On Thu, Jul 13, 2023 at 10:36 AM Michael Dawson <[email protected]> wrote:
>
> Honza, correct.
>
> I was just trying to add that it's not just about consumption in RHEL 
> packages that use Node.js, but also customer applications and third party 
> applications that they might be running.
>
> On Thu, Jul 13, 2023 at 6:35 AM Honza Horak <[email protected]> wrote:
>>
>> Unless I interpret it wrong, you're saying that we actually need some 
>> flexibility in what /usr/bin/node means, which is the same thing I'm saying. 
>> Of course, the implementation of how to achieve this might change.
>>
>> Honza
>>
>> On Wed, Jul 12, 2023 at 4:34 PM Michael Dawson <[email protected]> wrote:
>>>
>>> My concern is the customer use case. They have installed a third party 
>>> application which will be expecting to use the name "node" versus one that 
>>> is tied to the version.  We want them to be able to easily use versions 
>>> which are not the default because the default Node.js for a RHEL release 
>>> will be EOL long before the version of RHEL is.
>>>
>>> On Wed, Jul 12, 2023 at 3:42 AM Honza Horak <[email protected]> wrote:
>>>>
>>>> Sure. My current use case is preparing a nodejs v20 container image 
>>>> similar to previous versions at [1]. I want to use the latest stable 
>>>> fedora and explicitly want only nodejs v20 in the container (which is not 
>>>> the default one in F38).
>>>>
>>>> I also want to install nodejs-nodemon into the container to make the 
>>>> feature set to be on pair with previous versions, but that ends up with 
>>>> pulling nodejs 18 (the default) as well, because of the dependency on 
>>>> /usr/bin/node.
>>>>
>>>> Having different versions of packages like nodejs-nodemon in Fedora repos 
>>>> does not seem to be technically needed, one RPM build seems to be fine for 
>>>> more nodejs versions. I believe we did it the same in previous design with 
>>>> modules -- we only installed nodejs and npm from the module, but had 
>>>> nodejs-nodemon available in the repos in a single instance and it worked 
>>>> fine with all nodejs versions.
>>>>
>>>> Does that make more sense now? Maybe I'm trying to solve it too 
>>>> complicated, feel free to suggest any other solution.
>>>>
>>>> [1] https://github.com/sclorg/s2i-nodejs-container/
>>>>
>>>> Honza
>>>>

Sorry for the long silence on this; I've been swamped (and had PTO).

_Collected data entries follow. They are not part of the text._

(* Let $k$ be a field, let $B$ be a unital associative $k$-algebra and let $(J_i)_{i\in I}$ be a covering of $B$, i.e.\ a finite family of two-sided ideals of $B$ with $\bigcap_{i\in I}J_i=\{0\}$. For $i,j\in I$ put $B_i=B/J_i$, $B_{ij}=B/(J_i+J_j)$, with canonical surjections $\pi_i:B\to B_i$, $\pi_{ij}:B\to B_{ij}$, and let $\pi^i_j:B_i\to B_{ij}$, $b+J_i\mapsto b+J_i+J_j$. Let $A=\bigoplus_{i\in I}B_i$ (product algebra) and $\mathcal{C}=\bigoplus_{i,j\in I}B_{ij}$. Then $\mathcal{C}$ is an $A$-bimodule with actions $$(a_i)_{i\in I}\cdot(a_{jk})_{j,k\in I}\cdot(a'_l)_{l\in I}=\big(\pi^j_k(a_j)\,a_{jk}\,\pi^k_j(a'_k)\big)_{j,k\in I}$$ for $a_i,a'_i\in B_i$, $a_{jk}\in B_{jk}$, and $\mathcal{C}$ is an $A$-coring with coproduct $$\Delta_{\mathcal{C}}\big((\pi_{ij}(b_{ij}))_{i,j\in I}\big)=\sum_{k\in I}\big(\pi_{il}(b_{ik})\big)_{i,l\in I}\otimes_A\big(\pi_{mj}(\delta_{kj}1_B)\big)_{m,j\in I}$$ (equivalently $=\sum_{k\in I}\big(\pi_{il}(\delta_{ik}1_B)\big)_{i,l\in I}\otimes_A\big(\pi_{mj}(b_{kj})\big)_{m,j\in I}$) and counit $$\varepsilon_{\mathcal{C}}\big((\pi_{ij}(b_{ij}))_{i,j\in I}\big)=(\pi_i(b_{ii}))_{i\in I},$$ for all $b_{ij}\in B$; in particular these maps are well defined.
   Context: Here $\delta_{kj}1_B$ denotes $1_B$ if $k=j$ and $0$ otherwise. For a $k$-algebra $A$, an $A$-coring is an $A$-bimodule $\mathcal{C}$ together with $A$-bimodule maps $\Delta_{\mathcal{C}}:\mathcal{C}\to\mathcal{C}\otimes_A\mathcal{C}$ and $\varepsilon_{\mathcal{C}}:\mathcal{C}\to A$ such that $(\Delta_{\mathcal{C}}\otimes_A\mathrm{id})\circ\Delta_{\mathcal{C}}=(\mathrm{id}\otimes_A\Delta_{\mathcal{C}})\circ\Delta_{\mathcal{C}}$ and $(\varepsilon_{\mathcal{C}}\otimes_A\mathrm{id})\circ\Delta_{\mathcal{C}}=(\mathrm{id}\otimes_A\varepsilon_{\mathcal{C}})\circ\Delta_{\mathcal{C}}=\mathrm{id}_{\mathcal{C}}$ (with the canonical identifications $A\otimes_A\mathcal{C}\cong\mathcal{C}\cong\mathcal{C}\otimes_A A$). *)

theory Defs
  imports "HOL-Library.FuncSet" "HOL-Library.Multiset"
begin

definition k_algebra :: "('k::field \<Rightarrow> 'b::ring_1 \<Rightarrow> 'b) \<Rightarrow> bool" where
  "k_algebra sc \<longleftrightarrow>
     (\<forall>x. sc 1 x = x) \<and>
     (\<forall>c d x. sc c (sc d x) = sc (c * d) x) \<and>
     (\<forall>c d x. sc (c + d) x = sc c x + sc d x) \<and>
     (\<forall>c x y. sc c (x + y) = sc c x + sc c y) \<and>
     (\<forall>c x y. sc c (x * y) = sc c x * y \<and> sc c (x * y) = x * sc c y)"

definition two_sided_ideal :: "'b::ring_1 set \<Rightarrow> bool" where
  "two_sided_ideal J \<longleftrightarrow>
     0 \<in> J \<and> (\<forall>x\<in>J. \<forall>y\<in>J. x + y \<in> J) \<and> (\<forall>x\<in>J. - x \<in> J) \<and>
     (\<forall>x\<in>J. \<forall>b. b * x \<in> J \<and> x * b \<in> J)"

So, we have a number of competing requirements here:

1) Each Fedora release must have a default version of Node.js that is
pulled in when "nodejs" or "/usr/bin/node" is requested.
2) Fedora needs to be able to upgrade to a new release, possibly also
upgrading the default version of Node.js in the process.
3) Each Fedora release *may* have additional non-default Node.js
versions available in the repository.
4) Per packaging rules in Fedora, additional software that depends on
Node.js must either support the default version (using /usr/bin/node)
or it must modify its packaging to use a non-default path
(/usr/bin/nodejsNN). This is so that installing any particular package
(even if it requires a non-default Node version) does not preclude
installing the default version.

And now, from you:
5) It must be possible to reassign the symlink "/usr/bin/node" to a
non-default version (e.g. /usr/bin/node-18)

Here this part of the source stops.